(What you will do)
Write out exactly the lines below that run from the one containing "by (simp add: indicator_fps_singleton)" through the one containing "fps_X * (indicator_fps", both included, with no other lines.

━━━━━ Entries provided ━━━━━

lemma strict_mono_gap_not_in_range:
  fixes f :: "nat \<Rightarrow> nat"
  assumes "strict_mono f" and "f a < x" and "x < f (Suc a)"
  shows "x \<notin> range f"
proof
  assume "x \<in> range f"
  then obtain i where "x = f i"
    by blast
  then have "a < i" and "i < Suc a"
    using assms strict_mono_less by blast+
  then show False
    by simp
qed

section \<open>The Thue--Morse series\<close>

declare s2.simps [simp del]

lemma s2_0: "s2 0 = 0"
  by (subst s2.simps) simp

lemma s2_double: "s2 (2 * m) = s2 m"
  by (subst s2.simps) (simp add: s2_0)

lemma s2_double_plus_1: "s2 (Suc (2 * m)) = Suc (s2 m)"
  by (subst s2.simps) simp

lemma bit_of_nat: "(of_nat k :: bit) = of_bool (odd k)"
  by (induction k) auto

lemma thue_morse_0 [simp]: "thue_morse 0 = 0"
  by (simp add: thue_morse_def s2_0)

lemma thue_morse_double [simp]: "thue_morse (2 * m) = thue_morse m"
  by (simp add: thue_morse_def s2_double)

lemma thue_morse_double_plus_1 [simp]: "thue_morse (Suc (2 * m)) = 1 + thue_morse m"
  by (simp only: thue_morse_def s2_double_plus_1) (simp add: bit_of_nat)

lemma tmF_nth: "fps_nth tmF n = thue_morse n"
  by (simp add: tmF_def)

text \<open>(1 + X) F^2 has the coefficient t(m) at 2m and at 2m + 1; the last summand accounts for
  t(2m+1) = 1 + t(m).\<close>

lemma tmF_split: "tmF = (1 + fps_X) * tmF^2 + fps_X * indicator_fps {n. even n}"
proof (rule fps_ext)
  fix n
  show "fps_nth tmF n = fps_nth ((1 + fps_X) * tmF^2 + fps_X * indicator_fps {n. even n}) n"
    by (cases "even n")
       (auto simp: distrib_right fps_X_mult_nth bit_fps_square_nth tmF_nth elim!: evenE oddE)
qed

lemma indicator_fps_evens_inverse: "indicator_fps {n. even n} * (1 + fps_X)^2 = 1"
proof -
  have shifted: "(+) 2 ` {n::nat. even n} = {n. even n \<and> 2 \<le> n}"
    by (auto simp: image_iff) (metis add_2_eq_Suc dvd_diff_nat even_numeral le_add_diff_inverse)
  have "indicator_fps {n. even n} * (1 + fps_X)^2 =
      indicator_fps {n. even n} + fps_X^2 * indicator_fps {n. even n}"
    by (simp add: bit_fps_square_add algebra_simps)
  also have "\<dots> = indicator_fps {0}"
  proof -
    have "({n. even n} - (+) 2 ` {n. even n}) \<union> ((+) 2 ` {n. even n} - {n. even n}) = {0::nat}"
      unfolding shifted by auto
    then show ?thesis
      by (simp only: fps_X_power_mult_indicator_fps indicator_fps_add)
  qed
  finally show ?thesis
    by (simp add: indicator_fps_singleton)
qed

lemma tmF_functional_equation: "tmF * (1 + fps_X)^2 = (1 + fps_X)^3 * tmF^2 + fps_X"
proof -
  have "tmF * (1 + fps_X)^2 = (1 + fps_X)^3 * tmF^2 + fps_X * (indicator_fps {n. even n} * (1 + fps_X)^2)"
    by (subst tmF_split) (simp add: algebra_simps power_numeral_reduce)
  then show ?thesis
    by (simp add: indicator_fps_evens_inverse)
qed

section \<open>The Moser--de Bruijn sequence\<close>

fun moser_de_bruijn :: "nat \<Rightarrow> nat" where
  "moser_de_bruijn i = (if i = 0 then 0 else 4 * moser_de_bruijn (i div 2) + i mod 2)"

declare moser_de_bruijn.simps [simp del]

lemma moser_de_bruijn_0 [simp]: "moser_de_bruijn 0 = 0"
  by (subst moser_de_bruijn.simps) simp

lemma moser_de_bruijn_digit:
  assumes "e < 2"
  shows "moser_de_bruijn (2 * j + e) = 4 * moser_de_bruijn j + e"
  using assms by (subst moser_de_bruijn.simps) auto

lemma moser_de_bruijn_double [simp]: "moser_de_bruijn (2 * j) = 4 * moser_de_bruijn j"
  using moser_de_bruijn_digit [of 0 j] by simp

lemma moser_de_bruijn_double_plus_1 [simp]:
  "moser_de_bruijn (Suc (2 * j)) = Suc (4 * moser_de_bruijn j)"
  using moser_de_bruijn_digit [of 1 j] by simp

lemma four_mult_add_in_range_moser_de_bruijn:
  assumes "r < 4"
  shows "4 * q + r \<in> range moser_de_bruijn \<longleftrightarrow> r \<le> 1 \<and> q \<in> range moser_de_bruijn"
proof
  assume "4 * q + r \<in> range moser_de_bruijn"
  then obtain i where "4 * q + r = moser_de_bruijn i"
    by auto
  also have "\<dots> = 4 * moser_de_bruijn (i div 2) + i mod 2"
    using moser_de_bruijn_digit [of "i mod 2" "i div 2"] by simp
  finally have digits: "4 * q + r = 4 * moser_de_bruijn (i div 2) + i mod 2" .
  have "q = moser_de_bruijn (i div 2)"
    using arg_cong [OF digits, of "\<lambda>x. x div 4"] assms by simp
  moreover have "r = i mod 2"
    using arg_cong [OF digits, of "\<lambda>x. x mod 4"] assms by simp
  ultimately show "r \<le> 1 \<and> q \<in> range moser_de_bruijn"
    by auto
next
  assume "r \<le> 1 \<and> q \<in> range moser_de_bruijn"
  then obtain j where "r < 2" and "q = moser_de_bruijn j"
    by auto
  then have "4 * q + r = moser_de_bruijn (2 * j + r)"
    by (simp add: moser_de_bruijn_digit)
  then show "4 * q + r \<in> range moser_de_bruijn"
    by (metis rangeI)
qed

lemma moser_de_bruijn_less_Suc: "moser_de_bruijn i < moser_de_bruijn (Suc i)"
proof (induction i rule: less_induct)
  case (less i)
  show ?case
  proof (cases "even i")
    case True
    then show ?thesis
      by (auto elim: evenE)
  next
    case False
    then obtain j where i: "i = Suc (2 * j)"
      by (auto elim: oddE)
    then have "moser_de_bruijn j < moser_de_bruijn (Suc j)"
      using less by simp
    moreover have "moser_de_bruijn (Suc i) = 4 * moser_de_bruijn (Suc j)"
      using moser_de_bruijn_double [of "Suc j"] by (simp add: i)
    ultimately show ?thesis
      using i by simp
  qed
qed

━━━━━

(Answer box)
    by (simp add: indicator_fps_singleton)
qed

lemma tmF_functional_equation: "tmF * (1 + fps_X)^2 = (1 + fps_X)^3 * tmF^2 + fps_X"
proof -
  have "tmF * (1 + fps_X)^2 = (1 + fps_X)^3 * tmF^2 + fps_X * (indicator_fps {n. even n} * (1 + fps_X)^2)"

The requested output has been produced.